▶ _Excerpts from a dataset_:
definition continuum :: "'a::metric_space set \<Rightarrow> bool" where
  "continuum X \<longleftrightarrow> X \<noteq> {} \<and> compact X \<and> connected X"

definition simple_closed_curve :: "'a::metric_space set \<Rightarrow> bool" where
  "simple_closed_curve S \<longleftrightarrow> S homeomorphic sphere (0::complex) 1"

definition dendrite :: "'a::metric_space set \<Rightarrow> bool" where
  "dendrite D \<longleftrightarrow> continuum D \<and> locally connected D \<and>
     \<not> (\<exists>S. S \<subseteq> D \<and> simple_closed_curve S)"

definition subdendrite :: "'a::metric_space set \<Rightarrow> 'a set \<Rightarrow> bool" where
  "subdendrite D A \<longleftrightarrow> A \<subseteq> D \<and> continuum A"

definition nondegenerate :: "'a set \<Rightarrow> bool" where
  "nondegenerate A \<longleftrightarrow> (\<exists>x y. x \<in> A \<and> y \<in> A \<and> x \<noteq> y)"

definition Bd :: "'a::metric_space set \<Rightarrow> 'a set \<Rightarrow> 'a set" where
  "Bd D C = (subtopology euclidean D) frontier_of C"

definition clD :: "'a::metric_space set \<Rightarrow> 'a set \<Rightarrow> 'a set" where
  "clD D C = (subtopology euclidean D) closure_of C"

definition cutpoint :: "'a::metric_space set \<Rightarrow> 'a \<Rightarrow> bool" where
  "cutpoint D x \<longleftrightarrow> x \<in> D \<and> \<not> connected (D - {x})"

end

theory Submission
  imports Defs
begin

text \<open>
  Every two points \<open>p \<noteq> q\<close> of a dendrite are separated by a third one, the midpoint of an arc
  from \<open>p\<close> to \<open>q\<close>: an arc from \<open>p\<close> to \<open>q\<close> avoiding it would close up a simple closed curve.
  Arcs exist because compact locally connected subsets of a Banach space are locally path
  connected (uniform limits of finer and finer polygonal chains), and every metric space embeds
  isometrically into a Banach space.

  Consequently, if \<open>B\<close> is a subcontinuum and \<open>C\<close> a component of \<open>D - B\<close>, then \<open>C\<close> has a
  single limit point \<open>c\<close> outside itself, \<open>c \<in> B\<close>, and \<open>C\<close> is even a component of
  \<open>D - {c}\<close>; this gives the boundary statements and shows that \<open>c\<close> is a cutpoint.
  In the configuration of the theorem, \<open>A\<^sub>1\<close> is connected and meets both \<open>C\<^sub>2\<close> (through
  \<open>A\<^sub>2\<close>) and \<open>B\<^sub>2\<close>, so it contains \<open>c\<^sub>2\<close>; likewise \<open>B\<^sub>1\<close> misses \<open>C\<^sub>2\<close>.  Hence
  \<open>C\<^sub>2 \<union> {c\<^sub>2}\<close> is a connected subset of \<open>D - B\<^sub>1\<close> meeting \<open>C\<^sub>1\<close>, so it lies in \<open>C\<^sub>1\<close>.
\<close>

lemma compact_locally_connected_imp_uniformly_locally_connected:
  fixes D :: "'a::metric_space set"
  assumes "compact D" "locally connected D" "e > 0"
  obtains d where "d > 0"
    "\<And>a b. a \<in> D \<Longrightarrow> b \<in> D \<Longrightarrow> dist a b < d \<Longrightarrow>
       \<exists>E. connected E \<and> E \<subseteq> D \<and> E \<subseteq> ball a e \<and> a \<in> E \<and> b \<in> E"
proof -
  define G where "G = {W. open W \<and> (\<exists>y V. connected V \<and> D \<inter> W \<subseteq> V \<and> V \<subseteq> D \<inter> ball y (e/2))}"
  have "D \<subseteq> \<Union>G"
  proof
    fix y assume "y \<in> D"
    then obtain U V where UV: "openin (top_of_set D) U" "connected V" "y \<in> U" "U \<subseteq> V"
        "V \<subseteq> D \<inter> ball y (e/2)"
      using assms(2,3) unfolding locally_def by (meson centre_in_ball half_gt_zero IntI openin_open_Int open_ball)
    then obtain W where "open W" "U = D \<inter> W" by (meson openin_open)
    with UV show "y \<in> \<Union>G" unfolding G_def by blast
  qed
  then obtain d where "d > 0" and d: "\<And>x. x \<in> D \<Longrightarrow> \<exists>W\<in>G. ball x d \<subseteq> W"
    using Heine_Borel_lemma[OF assms(1)] by (metis (no_types, lifting) G_def mem_Collect_eq)
  have "\<exists>E. connected E \<and> E \<subseteq> D \<and> E \<subseteq> ball a e \<and> a \<in> E \<and> b \<in> E"
    if "a \<in> D" "b \<in> D" "dist a b < d" for a b
  proof -
    obtain W y V where "ball a d \<subseteq> W" "connected V" "D \<inter> W \<subseteq> V" "V \<subseteq> D \<inter> ball y (e/2)"
      using d[OF \<open>a \<in> D\<close>] unfolding G_def by blast
    moreover have "a \<in> ball a d" "b \<in> ball a d" using \<open>d > 0\<close> that by auto
    moreover have "ball y (e/2) \<subseteq> ball a e" if "a \<in> ball y (e/2)"
      using that by metric
    ultimately show ?thesis using that by blast
  qed
  with \<open>d > 0\<close> show thesis using that by blast
qed

inductive polygonal_chain :: "'a::real_normed_vector set \<Rightarrow> real \<Rightarrow> 'a \<Rightarrow> 'a \<Rightarrow> (real \<Rightarrow> 'a) \<Rightarrow> bool"
  for D d where
  segment: "a \<in> D \<Longrightarrow> b \<in> D \<Longrightarrow> dist a b < d \<Longrightarrow> polygonal_chain D d a b (linepath a b)"
| join: "polygonal_chain D d a c g \<Longrightarrow> polygonal_chain D d c b h \<Longrightarrow> polygonal_chain D d a b (g +++ h)"

lemma polygonal_chain_path:
  "polygonal_chain D d a b g \<Longrightarrow> path g \<and> pathstart g = a \<and> pathfinish g = b"
  by (induction rule: polygonal_chain.induct) auto

lemma joinpaths_pointwise_rel:
  assumes "\<And>s. s \<in> {0..1} \<Longrightarrow> R (g s) (g' s)" "\<And>s. s \<in> {0..1} \<Longrightarrow> R (h s) (h' s)"
    and "t \<in> {0..1}"
  shows "R ((g +++ h) t) ((g' +++ h') t)"
  using assms by (cases "t \<le> 1/2") (auto simp: joinpaths_def)

lemma dist_linepath_start_le:
  fixes a b :: "'a::real_normed_vector"
  assumes "t \<in> {0..1}"
  shows "dist a (linepath a b t) \<le> dist a b"
proof -
  have "dist a (linepath a b t) = t * norm (b - a)"
    using assms by (simp add: linepath_def dist_norm algebra_simps norm_minus_commute flip: scaleR_diff_right)
  also have "\<dots> \<le> dist a b"
    using assms by (simp add: mult_left_le_one_le dist_norm norm_minus_commute)
  finally show ?thesis .
qed

lemma polygonal_chain_near:
  assumes "polygonal_chain D d a b g" "t \<in> {0..1}"
  shows "\<exists>u\<in>D. dist u (g t) < d"
  using assms
proof (induction arbitrary: t rule: polygonal_chain.induct)
  case (segment a b)
  then show ?case
    using dist_linepath_start_le[of t a b] by force
next
  case (join a c g b h)
  then show ?case
    using joinpaths_pointwise_rel[where R = "\<lambda>x y. \<exists>u\<in>D. dist u x < d"] by blast
qed

lemma polygonal_chain_within_convex:
  assumes "connected E" "E \<subseteq> D" "E \<subseteq> K" "convex K" "x \<in> E" "y \<in> E" "d > 0"
  shows "\<exists>h. polygonal_chain D d x y h \<and> path_image h \<subseteq> K"
proof -
  define P where "P z \<longleftrightarrow> (\<exists>h. polygonal_chain D d x z h \<and> path_image h \<subseteq> K)" for z
  have "P y"
  proof (rule connected_induction_simple[OF assms(1,5,6)])
    show "P x"
      using assms unfolding P_def by (intro exI[of _ "linepath x x"]) (auto intro: polygonal_chain.segment)
    fix z assume "z \<in> E"
    show "\<exists>T. openin (top_of_set E) T \<and> z \<in> T \<and> (\<forall>u\<in>T. \<forall>w\<in>T. P u \<longrightarrow> P w)"
    proof (intro exI conjI ballI impI)
      show "openin (top_of_set E) (E \<inter> ball z (d/2))" by (simp add: openin_open_Int)
      show "z \<in> E \<inter> ball z (d/2)" using \<open>z \<in> E\<close> \<open>d > 0\<close> by simp
      fix u w assume u: "u \<in> E \<inter> ball z (d/2)" and w: "w \<in> E \<inter> ball z (d/2)" and "P u"
      then obtain h where h: "polygonal_chain D d x u h" "path_image h \<subseteq> K"
        unfolding P_def by blast
      have "dist z u < d/2" "dist z w < d/2" using u w by auto
      then have "dist u w < d" by metric
      then have "polygonal_chain D d x w (h +++ linepath u w)"
        using u w assms(2) by (intro polygonal_chain.join[OF h(1)] polygonal_chain.segment) auto
      moreover have "closed_segment u w \<subseteq> K"
        using u w assms(3,4) by (intro closed_segment_subset) auto
      then have "path_image (h +++ linepath u w) \<subseteq> K"
        using h(2) polygonal_chain_path[OF h(1)] by (simp add: path_image_join)
      ultimately show "P w"
        unfolding P_def by blast
    qed
  qed
  then show ?thesis by (simp add: P_def)
qed
lemma funpows_commute_on:
  assumes "f ` A \<subseteq> A" and "g ` A \<subseteq> A" and "\<And>x. x \<in> A \<Longrightarrow> f (g x) = g (f x)" and "x \<in> A"
  shows "(f ^^ m) ((g ^^ n) x) = (g ^^ n) ((f ^^ m) x)"
proof (rule funpow_commute_on[OF assms(2) _ assms(4)])
  fix y assume "y \<in> A"
  then show "(f ^^ m) (g y) = g ((f ^^ m) y)"
    using funpow_commute_on[OF assms(1), of g] assms(3) by metis
qed

lemma recurrence_commute_transfer:
  assumes "m \<le> n" and "b m = F (a m)"
    and "\<And>i. m \<le> i \<Longrightarrow> i < n \<Longrightarrow> a (Suc i) = S i (a i)"
    and "\<And>i. m \<le> i \<Longrightarrow> i < n \<Longrightarrow> b (Suc i) = S i (b i)"
    and "\<And>i. m \<le> i \<Longrightarrow> i < n \<Longrightarrow> S i (F (a i)) = F (S i (a i))"
  shows "b n = F (a n)"
  using assms(1) by (induction n rule: dec_induct) (use assms in auto)

lemma rstar_cong_right:
  assumes "x \<in> X" and "\<And>z. z \<in> X \<Longrightarrow> op z y' = op z y"
  shows "rstar X op e x y' = rstar X op e x y"
  using assms unfolding rstar_def the_inv_into_def by (simp cong: conj_cong)

lemma pres_hom_cong:
  assumes "\<And>i y. i < n \<Longrightarrow> y \<in> Y \<Longrightarrow> (u ^^ p' i) ((d ^^ q' i) y) = (u ^^ p i) ((d ^^ q i) y)"
  shows "pres_hom Y op u d n p' q' eps k = pres_hom Y op u d n p q eps k"
  unfolding pres_hom_def using assms by (auto intro!: Collect_cong) (metis nth_mem subsetD)+

lemma commuting_funpow_add_on:
  assumes "u ` A \<subseteq> A" and "d ` A \<subseteq> A" and "\<And>y. y \<in> A \<Longrightarrow> u (d y) = d (u y)" and "y \<in> A"
  shows "(u ^^ (m + a)) ((d ^^ (m + b)) y) = (u ^^ m) ((d ^^ m) ((u ^^ a) ((d ^^ b) y)))"
proof -
  have "(u ^^ (m + a)) ((d ^^ (m + b)) y) = (u ^^ m) ((u ^^ a) ((d ^^ m) ((d ^^ b) y)))"
    by (simp add: funpow_add)
  also have "\<dots> = (u ^^ m) ((d ^^ m) ((u ^^ a) ((d ^^ b) y)))"
    using funpows_commute_on[OF assms(1-3) funpow_in_set[OF assms(2,4)]] by simp
  finally show ?thesis .
qed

▶ _PROBLEM DETAILS_:
Could you restate, word for word, the lines above from the one with "ultimately show ?thesis" to the one with "d \<Longrightarrow> polygonal_chain", both included?

▶ _EXERCISE RESULT_:
    ultimately show ?thesis using that by blast
  qed
  with \<open>d > 0\<close> show thesis using that by blast
qed

inductive polygonal_chain :: "'a::real_normed_vector set \<Rightarrow> real \<Rightarrow> 'a \<Rightarrow> 'a \<Rightarrow> (real \<Rightarrow> 'a) \<Rightarrow> bool"
  for D d where
  segment: "a \<in> D \<Longrightarrow> b \<in> D \<Longrightarrow> dist a b < d \<Longrightarrow> polygonal_chain D d a b (linepath a b)"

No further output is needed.